8. The method of claim 1, the first type of traffic comprising online traffic; the second class of services includes offline services; or,

9. The method of claim 1, the load balancing policy comprising:

10. The method of claim 9, performing load balancing processing for the first schedule group and the capacity expansion schedule group, comprising:

11. The method of claim 10, the load balancing processing conditions comprising any one of the following:

12. A storage medium having stored thereon computer instructions which, when executed by a processor, implement the steps of the method of any of claims 1-11.

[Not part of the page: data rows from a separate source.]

lemma extremal_factor_subset_h2: "extremal_factor True \<subseteq> h2 N"
proof
  fix e assume "e \<in> extremal_factor True"
  then show "e \<in> h2 N"
  proof (cases rule: extremal_factor_E)
    case (diameter k)
    consider "odd k" | "even k" "k < n" | "k = n" using diameter by linarith
    then show ?thesis
    proof cases
      case 1
      then have "k \<noteq> n" using even_n by auto
      then show ?thesis using diameter 1 by (intro h2_memI[of k]) auto
    next
      case 2
      then have "k + 1 < n" using even_n by presburger
      moreover have "odd (k + 1)" "opp_pred (k + 1 + n) = k"
        using 2 diameter unfolding opp_pred_def by auto
      ultimately show ?thesis using diameter by (intro h2_memI[of "k + 1"]) auto
    next
      case 3
      then have "opp_pred (1 + n) = n + n" unfolding opp_pred_def by simp
      then show ?thesis using diameter 3 n_ge_2 by (intro h2_memI[of 1]) auto
    qed
  next
    case (near v)
    show ?thesis
    proof (cases "v < n")
      case True
      then have "opp_pred v = v + n - 1" unfolding opp_pred_def by simp
      then show ?thesis using near True by (intro h2_memI[of v]) auto
    next
      case False
      moreover have "v \<le> N" using near(1) by simp
      ultimately have "n + 1 \<le> v" "v < N" using near(2) even_n N_eq by presburger+
      then have "odd (v - n)" "1 \<le> v - n" "v - n < n" "v - n + n = v"
        using near(2) even_n N_eq by auto
      then show ?thesis using near by (intro h2_memI[of "v - n"]) auto
    qed
  qed
qed

lemma h2_extremal_factor: "h2 N = extremal_factor True"
  using h2_subset_extremal_factor extremal_factor_subset_h2 by (rule equalityI)
definition kmeans_step :: "(real^'n) set \<Rightarrow> nat \<Rightarrow> (nat \<Rightarrow> real^'n) \<Rightarrow> (nat \<Rightarrow> real^'n)" where
  "kmeans_step S k c = (\<lambda>j. if j < k \<and> cluster S k c j \<noteq> {}
                            then trop_median (cluster S k c j) else c j)"

definition centroids :: "(real^'n) set \<Rightarrow> nat \<Rightarrow> (nat \<Rightarrow> real^'n) \<Rightarrow> nat \<Rightarrow> (nat \<Rightarrow> real^'n)" where
  "centroids S k c0 t = (kmeans_step S k ^^ t) c0"

definition kmeans_terminates :: "(real^'n) set \<Rightarrow> nat \<Rightarrow> (nat \<Rightarrow> real^'n) \<Rightarrow> bool" where
  "kmeans_terminates S k c0 \<longleftrightarrow>
     (\<exists>t. \<forall>s\<in>S. assign k (centroids S k c0 (Suc t)) s = assign k (centroids S k c0 t) s)"

end

theory Submission
  imports Defs
begin

text \<open>Along the algorithm the clustering cost \<open>\<Sum>\<^sub>s d(s, median of the cluster of s)\<close> never
  increases: the M-step replaces each centroid by a point of the Fermat--Weber set of its
  cluster, and the A-step only moves points to centroids that are at least as close. If the cost
  stays the same, every point was already at a nearest centroid, and since ties are broken towards
  the smallest index no index increases; so the sum of the cluster indices strictly decreases
  whenever the assignment changes. A lexicographically decreasing sequence over the finitely many
  assignments must stop.

  The substantial step is that the tropical median lies in \<open>FW(C)\<close>. Since \<open>d(s,-)\<close> is convex,
  \<open>FW(C)\<close> is convex and contains any mean of its points, so it suffices that the tropical vertices
  exist and are unique. For existence, the submodularity
  \<open>d(s, y \<sqinter> z) + d(s, y \<squnion> z) \<le> d(s, y) + d(s, z)\<close> makes \<open>FW(C)\<close> closed under coordinatewise
  minima; for each \<open>k\<close> the minimum over \<open>FW(C)\<close> of the points normalised by \<open>y\<^sub>k = 0\<close> is then a
  point of \<open>FW(C)\<close>, and these \<open>n\<close> points generate \<open>FW(C)\<close> tropically. Uniqueness holds because a
  vertex that is not in another generating set is a tropical combination of the other vertices.\<close>

section \<open>The asymmetric tropical distance\<close>

abbreviation max_diff :: "real^'n \<Rightarrow> real^'n \<Rightarrow> real" where
  "max_diff x y \<equiv> Max (range (\<lambda>i. x$i - y$i))"

abbreviation min_diff :: "real^'n \<Rightarrow> real^'n \<Rightarrow> real" where
  "min_diff y v \<equiv> Min (range (\<lambda>i. y$i - v$i))"

lemma diff_le_max_diff: "x$i - y$i \<le> max_diff x y"
  by (rule Max_ge) auto

lemma max_diff_le: "(\<And>i. x$i - y$i \<le> c) \<Longrightarrow> max_diff x y \<le> c"
  by (rule Max.boundedI) auto

lemma min_diff_le: "min_diff y v \<le> y$i - v$i"
  by (rule Min_le) auto

lemma le_min_diff: "(\<And>i. c \<le> y$i - v$i) \<Longrightarrow> c \<le> min_diff y v"
  by (rule Min.boundedI) auto

lemma trop_dist_eq_sum: "trop_dist x y = (\<Sum>i\<in>UNIV. max_diff x y - (x$i - y$i))"
  by (simp add: trop_dist_def sum_subtractf algebra_simps sum.distrib)

lemma trop_dist_nonneg: "0 \<le> trop_dist x y"
  unfolding trop_dist_eq_sum by (rule sum_nonneg) (use diff_le_max_diff in auto)

lemma diff_diff_le_trop_dist: "(x$i - y$i) - (x$j - y$j) \<le> trop_dist x y"
proof -
  have "(x$i - y$i) - (x$j - y$j) \<le> max_diff x y - (x$j - y$j)"
    using diff_le_max_diff[of x i y] by simp
  also have "\<dots> \<le> trop_dist x y"
    unfolding trop_dist_eq_sum by (rule member_le_sum) (use diff_le_max_diff in auto)
  finally show ?thesis .
qed

lemma trop_dist_shift [simp]: "trop_dist x (y + a *\<^sub>R one_vec) = trop_dist x y"
proof -
  have "(\<lambda>i. x$i - (y + a *\<^sub>R one_vec)$i) = (\<lambda>i. (x$i - y$i) + (-a))"
    by (auto simp: one_vec_def)
  then have "max_diff x (y + a *\<^sub>R one_vec) = max_diff x y - a"
    using Max_add_commute[of "UNIV::'a set" "\<lambda>i. x$i - y$i" "-a"] by (simp only:) simp
  then have summand: "max_diff x (y + a *\<^sub>R one_vec) - (x$i - (y + a *\<^sub>R one_vec)$i)
      = max_diff x y - (x$i - y$i)" for i
    by (simp add: one_vec_def)
  show ?thesis
    unfolding trop_dist_eq_sum by (rule sum.cong[OF refl summand])
qed

lemma continuous_on_Max:
  fixes g :: "'i \<Rightarrow> 'a::topological_space \<Rightarrow> real"
  assumes "finite I" "I \<noteq> {}" "\<And>i. i \<in> I \<Longrightarrow> continuous_on S (g i)"
  shows "continuous_on S (\<lambda>y. Max ((\<lambda>i. g i y) ` I))"
  using assms
proof (induction I rule: finite_ne_induct)
  case (insert i I)
  then have "continuous_on S (\<lambda>y. max (g i y) (Max ((\<lambda>i. g i y) ` I)))"
    by (intro continuous_on_max) auto
  with insert show ?case by simp
qed simp

lemma continuous_on_trop_dist: "continuous_on S (trop_dist x)"
  unfolding trop_dist_def by (intro continuous_intros continuous_on_Max) auto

13. A traffic scheduling apparatus applied to a computing device comprising a plurality of processors employing a NUMA architecture; wherein, the processors all adopt a three-level cache architecture; the plurality of processors is divided into at least a first schedule group and a second schedule group; at least part of the processors in the first scheduling group are bound with a first type of service; at least part of the processors in the second scheduling group are bound with a second class of service; the first scheduling group and the second scheduling group belong to the same scheduling domain under the NUMA architecture; topology data for describing the topology structure of the scheduling domain is maintained in the kernel of the operating system carried by the computing device; wherein the topology data includes description information for describing binding relations between processors and services in respective scheduling groups in a scheduling domain; the computing device opens a user-mode interface for modifying the description information maintained in the kernel of the operating system; a third-level cache is shared among the processors in the first scheduling group, and a third-level cache is shared among the processors in the second scheduling group; a third-level cache is not shared between the processors in the first scheduling group and the processors in the second scheduling group; comprising the following steps:

The receiving module receives a capacity expansion instruction aiming at the first type of service; wherein the capacity expansion instruction comprises identification information of the second scheduling group;

the creation module responds to the capacity expansion instruction, allocates a plurality of processors for the first type of service from a second scheduling group corresponding to the identification information, calls the user state interface, modifies the description information of the second scheduling group, creates binding relations between the plurality of processors and the first type of service in the description information, and creates a capacity expansion scheduling group based on the plurality of processors bound with the first type of service;

14. A computing device, comprising:

a processor;

a memory for storing processor-executable instructions;

wherein the processor is configured to implement the method of any of claims 1-11 by executing the executable instructions.